▶ Task directions
If a line in the records below holds the word "hash", copy it.

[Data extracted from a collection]
<<<<
(* Consider an ordered linear probing hash table with $n$ slots in some initial state, and a sequence $S$ of insertions and deletions applied to it. If there exists an interval $P=[r,s-1]$ with insertion surplus $q$, then the crossing number satisfies $c_s\ge q$.
   Context: Ordered linear probing with tombstones: the table has slots $1,\dots,n$; each slot holds a key, a tombstone, or is free. A hash function $h$ maps keys to $[n]$; a tombstone's hash is that of the deleted key that created it. Keys/tombstones within each maximal run of non-free slots are stored in hash order. Deletion replaces the key by a tombstone. Insertion of $u$ places $u$ at its hash-order position $j$ in the run (scanning from $h(u)$) and shifts positions $j,j+1,\dots$ right by one until reaching a tombstone or free slot, which it uses. The crossing number $c_i$ is the number of insertions in $S$ with hash smaller than $i$ that either use a tombstone with hash at least $i$ or use a free slot in position at least $i$. For an interval $P$, $S_P=\{u\in S:h(u)\in P\}$; a subset $S'\subseteq S_P$ is downward-closed if for every $u\in S'$, every $v\in S_P$ occurring temporally before $u$ with $h(v)\ge h(u)$ is in $S'$; its insertion surplus is $\max(0,\#\text{insertions}-\#\text{deletions in }S')$. The insertion surplus of $P$ is the maximum insertion surplus of a downward-closed subset of $S_P$ minus the number of free slots initially in $P$.
   Formalization: The initial state contains no tombstones, insertions run past slot n into initially free overflow slots instead of wrapping around, and an inserted key precedes stored items of equal hash. Apart from conventions, each condition added here is assumed in the paper as well or is needed for the statement above to hold. *)

theory Defs
  imports Main
begin

text \<open>Slots are indexed by natural numbers;
  the table proper consists of slots 1..n, slots beyond n are initially free and
  only serve as overflow area (no wrap-around).\<close>

datatype 'k cell = Free | Key 'k | Tomb nat

datatype 'k op = Ins 'k | Del 'k

type_synonym 'k table = "nat \<Rightarrow> 'k cell"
>>>>
▶ Response box
(* Consider an ordered linear probing hash table with $n$ slots in some initial state, and a sequence $S$ of insertions and deletions applied to it. If there exists an interval $P=[r,s-1]$ with insertion surplus $q$, then the crossing number satisfies $c_s\ge q$.
   Context: Ordered linear probing with tombstones: the table has slots $1,\dots,n$; each slot holds a key, a tombstone, or is free. A hash function $h$ maps keys to $[n]$; a tombstone's hash is that of the deleted key that created it. Keys/tombstones within each maximal run of non-free slots are stored in hash order. Deletion replaces the key by a tombstone. Insertion of $u$ places $u$ at its hash-order position $j$ in the run (scanning from $h(u)$) and shifts positions $j,j+1,\dots$ right by one until reaching a tombstone or free slot, which it uses. The crossing number $c_i$ is the number of insertions in $S$ with hash smaller than $i$ that either use a tombstone with hash at least $i$ or use a free slot in position at least $i$. For an interval $P$, $S_P=\{u\in S:h(u)\in P\}$; a subset $S'\subseteq S_P$ is downward-closed if for every $u\in S'$, every $v\in S_P$ occurring temporally before $u$ with $h(v)\ge h(u)$ is in $S'$; its insertion surplus is $\max(0,\#\text{insertions}-\#\text{deletions in }S')$. The insertion surplus of $P$ is the maximum insertion surplus of a downward-closed subset of $S_P$ minus the number of free slots initially in $P$.
   Formalization: The initial state contains no tombstones, insertions run past slot n into initially free overflow slots instead of wrapping around, and an inserted key precedes stored items of equal hash. Apart from conventions, each condition added here is assumed in the paper as well or is needed for the statement above to hold. *)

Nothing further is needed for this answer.